Satellite imagery analysis plays a pivotal role in remote sensing; however, information loss due to cloud cover significantly impedes its application. Although existing deep cloud removal models have achieved notable outcomes, they scarcely consider contextual information. This study introduces a high-performance cloud removal architecture, termed Progressive Multi-scale Attention Autoencoder (PMAA), which concurrently harnesses global and local information to construct robust contextual dependencies using a novel Multi-scale Attention Module (MAM) and a novel Local Interaction Module (LIM). PMAA establishes long-range dependencies of multi-scale features using MAM and modulates the reconstruction of fine-grained details utilizing LIM, enabling simultaneous representation of fine- and coarse-grained features at the same level. With the help of diverse and multi-scale features, PMAA consistently outperforms the previous state-of-the-art model CTGAN on two benchmark datasets.
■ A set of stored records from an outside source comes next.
lemma falsifying_var:
  assumes "\<not> sat_term T y"
  shows "\<exists>b. (falsifying_var y T, b) \<in> T \<and> y ! falsifying_var y T \<noteq> b"
proof -
  have "\<exists>i b. (i, b) \<in> T \<and> y ! i \<noteq> b" using assms unfolding sat_term_def by auto
  then show ?thesis unfolding falsifying_var_def by (rule someI_ex)
qed

lemma not_sat_term_if_agrees_on_falsifying_vars:
  assumes "T \<in> f" "\<not> sat_term T y" "\<forall>i \<in> falsifying_vars f y. z ! i = y ! i"
  shows "\<not> sat_term T z"
proof -
  obtain b where "(falsifying_var y T, b) \<in> T" "y ! falsifying_var y T \<noteq> b"
    using falsifying_var[OF assms(2)] by blast
  moreover have "z ! falsifying_var y T = y ! falsifying_var y T"
    using assms unfolding falsifying_vars_def by blast
  ultimately show ?thesis unfolding sat_term_def by fastforce
qed

locale sweep_setting =
  fixes n k :: nat and f :: dnf and y :: "bool list"
  assumes dnf_over: "dnf_over n f" and card_f: "card f = k" and length_y: "length y = n"
begin

lemma var_lt: "T \<in> f \<Longrightarrow> i \<in> term_vars T \<Longrightarrow> i < n"
  using dnf_over unfolding dnf_over_def term_vars_iff by blast

lemma finite_f: "finite f"
proof (rule finite_subset)
  show "f \<subseteq> Pow ({0..<n} \<times> UNIV)" using var_lt term_vars_iff by fastforce
qed simp

lemma finite_alive_terms: "finite (alive_terms f y z)"
  using finite_f unfolding alive_terms_def by simp

text \<open>\<open>R\<close> is the set of coordinates the sweep has not visited yet. Only orderings that
  visit no coordinate of \<open>falsifying_vars f y\<close> before finding a stem are counted, so these
  coordinates stay in \<open>R\<close> and every term falsified by \<open>y\<close> stays falsified.\<close>
definition sweep_invariant :: "nat set \<Rightarrow> bool list \<Rightarrow> bool" where
  "sweep_invariant R z \<longleftrightarrow> R \<subseteq> {0..<n} \<and> length z = n \<and> (\<forall>i \<in> R. z ! i = y ! i)
     \<and> alive_terms f y z \<noteq> {} \<and> falsifying_vars f y \<subseteq> R
     \<and> disagreement_vars (alive_terms f y z) \<subseteq> R"

lemma sweep_invariant_init:
  assumes "\<exists>T \<in> f. sat_term T y"
  shows "sweep_invariant {0..<n} y"
proof -
  have "falsifying_vars f y \<subseteq> {0..<n}"
    using falsifying_var var_lt term_vars_iff unfolding falsifying_vars_def by fastforce
  moreover have "disagreement_vars (alive_terms f y y) \<subseteq> {0..<n}"
    using var_lt unfolding disagreement_vars_def alive_terms_def by auto
  ultimately show ?thesis
    using assms length_y unfolding sweep_invariant_def alive_terms_def by auto
qed

lemma sat_term_flip_bit_unvisited:
  assumes inv: "sweep_invariant R z" and x: "x \<in> R - falsifying_vars f y" and "T \<in> f"
  shows "sat_term T (flip_bit z x) \<longleftrightarrow> T \<in> alive_terms f y z \<and> x \<notin> term_vars T"
proof
  assume sat: "sat_term T (flip_bit z x)"
  have x_lt: "x < length z" using inv x unfolding sweep_invariant_def by auto
  have "\<forall>i \<in> falsifying_vars f y. flip_bit z x ! i = y ! i"
    using inv x unfolding sweep_invariant_def by (auto simp: nth_flip_bit)
  then have sat_y: "sat_term T y"
    using not_sat_term_if_agrees_on_falsifying_vars \<open>T \<in> f\<close> sat by blast
  have x_notin: "x \<notin> term_vars T"
  proof
    assume "x \<in> term_vars T"
    then obtain b where "(x, b) \<in> T" unfolding term_vars_iff by blast
    moreover have "b = y ! x" "z ! x = y ! x"
      using calculation sat_y inv x unfolding sat_term_def sweep_invariant_def by auto
    ultimately show False using not_sat_term_flip_bit[of x z T] x_lt sat by simp
  qed
  then have "sat_term T z" using sat sat_term_flip_bit_notin by blast
  then show "T \<in> alive_terms f y z \<and> x \<notin> term_vars T"
    using \<open>T \<in> f\<close> sat_y x_notin unfolding alive_terms_def by blast
next
  assume "T \<in> alive_terms f y z \<and> x \<notin> term_vars T"
  then show "sat_term T (flip_bit z x)"
    using sat_term_flip_bit_notin unfolding alive_terms_def by blast
qed

lemma alive_terms_sweep_step:
  assumes "sweep_invariant R z" "x \<in> R - falsifying_vars f y"
  shows "alive_terms f y (sweep_step f z x) =
    (if {T \<in> alive_terms f y z. x \<notin> term_vars T} = {} then alive_terms f y z
     else {T \<in> alive_terms f y z. x \<notin> term_vars T})"
proof -
  have "alive_terms f y (flip_bit z x) = {T \<in> alive_terms f y z. x \<notin> term_vars T}"
    using sat_term_flip_bit_unvisited[OF assms] unfolding alive_terms_def by blast
  moreover have "eval_dnf f (flip_bit z x) \<longleftrightarrow> {T \<in> alive_terms f y z. x \<notin> term_vars T} \<noteq> {}"
    using sat_term_flip_bit_unvisited[OF assms] unfolding eval_dnf_def alive_terms_def by blast
  ultimately show ?thesis unfolding sweep_step_def Let_def by auto
qed

lemma sweep_invariant_step:
  assumes inv: "sweep_invariant R z" and x: "x \<in> R - falsifying_vars f y"
  shows "sweep_invariant (R - {x}) (sweep_step f z x)"
proof -
  let ?A = "alive_terms f y z" and ?A' = "alive_terms f y (sweep_step f z x)"
  have alive: "?A' \<noteq> {}" "?A' \<subseteq> ?A"
    using alive_terms_sweep_step[OF assms] inv unfolding sweep_invariant_def by auto
  have "disagreement_vars ?A' \<subseteq> R"
    using disagreement_vars_mono[OF alive(2,1)] inv unfolding sweep_invariant_def by blast
  moreover have "x \<notin> disagreement_vars ?A'"
    using alive_terms_sweep_step[OF assms] unfolding disagreement_vars_def by auto
  moreover have "\<forall>i \<in> R - {x}. sweep_step f z x ! i = y ! i"
    using inv unfolding sweep_invariant_def sweep_step_def Let_def by (auto simp: nth_flip_bit)
  ultimately show ?thesis
    using inv x alive unfolding sweep_invariant_def sweep_step_def Let_def by auto
qed

lemma finite_disagreement_vars:
  "sweep_invariant R z \<Longrightarrow> finite (disagreement_vars (alive_terms f y z))"
  using finite_subset[of _ "{0..<n}"] unfolding sweep_invariant_def by auto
Moreover, PMAA boasts considerable efficiency advantages, with only 0.5% and 14.6% of the parameters and computational complexity of CTGAN, respectively. These comprehensive results underscore PMAA's potential as a lightweight cloud removal network suitable for deployment on edge devices to accomplish large-scale cloud removal tasks. Our source code and pre-trained models are available at https://github.com/XavierJiezou/PMAA.
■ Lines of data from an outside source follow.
lemma msum_gram3_mult3:
  assumes Ls: "set Ls \<subseteq> carrier3 b m" and complete: "msum (dim3 m) (dim3 m) (map gram3 Ls) = 1\<^sub>m (dim3 m)"
    and W: "W \<in> carrier3 m c"
  shows "msum (dim3 c) (dim3 c) (map (\<lambda>L. gram3 (mult3 L W)) Ls) = gram3 W"
proof -
  have PW: "prod3 W \<in> carrier_mat (dim3 m) (dim3 c)" using W by (rule prod3_carrier_mat)
  have G: "gram3 L \<in> carrier_mat (dim3 m) (dim3 m)" if "L \<in> set Ls" for L
    using that Ls prod3_carrier_mat[of L b m] unfolding gram3_def by (auto intro!: mult_carrier_mat adj_carrier_mat)
  have "map (\<lambda>L. gram3 (mult3 L W)) Ls = map (\<lambda>L. adj (prod3 W) * gram3 L * prod3 W) Ls"
    using Ls W by (auto simp: gram3_mult3)
  also have "msum (dim3 c) (dim3 c) \<dots> = adj (prod3 W) * msum (dim3 m) (dim3 m) (map gram3 Ls) * prod3 W"
    using G PW by (intro msum_mult_sandwich adj_carrier_mat)
  also have "\<dots> = gram3 W"
    unfolding complete gram3_def using PW by (simp add: adj_carrier_mat)
  finally show ?thesis .
qed

lemma msum_prod3_upd_slot:
  assumes f: "\<And>x. x \<in> set xs \<Longrightarrow> f x \<in> carrier_mat r' c'" and T: "T \<in> carrier3 r c"
  shows "msum (dim3 (upd_slot p r' r)) (dim3 (upd_slot p c' c)) (map (\<lambda>x. prod3 (upd_slot p (f x) T)) xs)
       = prod3 (upd_slot p (msum r' c' (map f xs)) T)"
proof -
  obtain A B C where T3: "T = (A,B,C)" by (cases T) auto
  obtain r1 r2 r3 c1 c2 c3 where rc: "r = (r1,r2,r3)" "c = (c1,c2,c3)" by (cases r; cases c) auto
  have ABC: "A \<in> carrier_mat r1 c1" "B \<in> carrier_mat r2 c2" "C \<in> carrier_mat r3 c3"
    using T unfolding T3 rc by auto
  have kl: "\<And>g R Cc X. (\<And>x. x \<in> set xs \<Longrightarrow> g x \<in> carrier_mat R Cc) \<Longrightarrow>
    msum (R * dim_row X) (Cc * dim_col X) (map (\<lambda>x. kron (g x) X) xs) = kron (msum R Cc (map g xs)) X"
    by (rule msum_kron_left)
  have kr: "\<And>g R Cc X. (\<And>x. x \<in> set xs \<Longrightarrow> g x \<in> carrier_mat R Cc) \<Longrightarrow>
    msum (dim_row X * R) (dim_col X * Cc) (map (\<lambda>x. kron X (g x)) xs) = kron X (msum R Cc (map g xs))"
    by (rule msum_kron_right)
  show ?thesis
  proof (cases p)
    case Alice
    have "msum (r'*r2) (c'*c2) (map (\<lambda>x. kron (f x) B) xs) = kron (msum r' c' (map f xs)) B"
      using kl[OF f, where X=B] ABC by simp
    moreover have "msum (r'*r2*r3) (c'*c2*c3) (map (\<lambda>x. kron (kron (f x) B) C) xs)
        = kron (msum (r'*r2) (c'*c2) (map (\<lambda>x. kron (f x) B) xs)) C"
      using kl[of "\<lambda>x. kron (f x) B" "r'*r2" "c'*c2" C] f ABC by (auto intro: kron_carrier_mat)
    ultimately show ?thesis unfolding Alice T3 rc by (simp add: prod3_eq)
  next
    case Bob
    have "msum (r1*r') (c1*c') (map (\<lambda>x. kron A (f x)) xs) = kron A (msum r' c' (map f xs))"
      using kr[OF f, where X=A] ABC by simp
    moreover have "msum (r1*r'*r3) (c1*c'*c3) (map (\<lambda>x. kron (kron A (f x)) C) xs)
        = kron (msum (r1*r') (c1*c') (map (\<lambda>x. kron A (f x)) xs)) C"
      using kl[of "\<lambda>x. kron A (f x)" "r1*r'" "c1*c'" C] f ABC by (auto intro: kron_carrier_mat)
    ultimately show ?thesis unfolding Bob T3 rc by (simp add: prod3_eq)
  next
    case Charlie
    have "msum (r1*r2*r') (c1*c2*c') (map (\<lambda>x. kron (kron A B) (f x)) xs) = kron (kron A B) (msum r' c' (map f xs))"
      using kr[OF f, where X="kron A B"] ABC by simp
    then show ?thesis unfolding Charlie T3 rc by (simp add: prod3_eq)
  qed
qed

lemma mult3_upd_slot_one3:
  "L \<in> carrier3 b (upd_slot p e d) \<Longrightarrow> mult3 L (upd_slot p K (one3 d)) = upd_slot p (slot p L * K) L"
  by (cases p; cases L; cases d; cases b) auto

lemma upd_slot_one3_mult3:
  "W \<in> carrier3 d c \<Longrightarrow> mult3 (upd_slot p K (one3 d)) W = upd_slot p (K * slot p W) W"
  by (cases p; cases W; cases d; cases c) auto

lemma gram3_one3: "gram3 (one3 d) = 1\<^sub>m (dim3 d)"
  by (cases d) (simp add: gram3_eq prod3_one3[of "(_,_,_)", simplified])

lemma gram3_upd_slot_one3: "gram3 (upd_slot p K (one3 d)) = prod3 (upd_slot p (adj K * K) (one3 d))"
  by (cases p; cases d) (simp_all add: gram3_eq)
翻译：卫星影像分析在遥感领域发挥着关键作用，然而云层覆盖导致的信息丢失严重阻碍了其应用。尽管现有的深度云去除模型已取得显著成果，但它们很少考虑上下文信息。本研究提出了一种高性能云去除架构，称为渐进式多尺度注意力自编码器（PMAA），该模型同时利用全局和局部信息，通过新型多尺度注意力模块（MAM）和局部交互模块（LIM）构建鲁棒的上下文依赖关系。PMAA利用MAM建立多尺度特征的长程依赖关系，并利用LIM调节细粒度细节的重建，从而在同一层级上同时表示细粒度和粗粒度特征。借助多样化的多尺度特征，PMAA在两个基准数据集上始终优于先前最先进的模型CTGAN。此外，PMAA具有显著的效率优势，其参数和计算复杂度仅为CTGAN的0.5%和14.6%。这些综合结果突显了PMAA作为一种轻量级云去除网络的潜力，适用于部署在边缘设备上以完成大规模云去除任务。我们的源代码和预训练模型可在https://github.com/XavierJiezou/PMAA获取。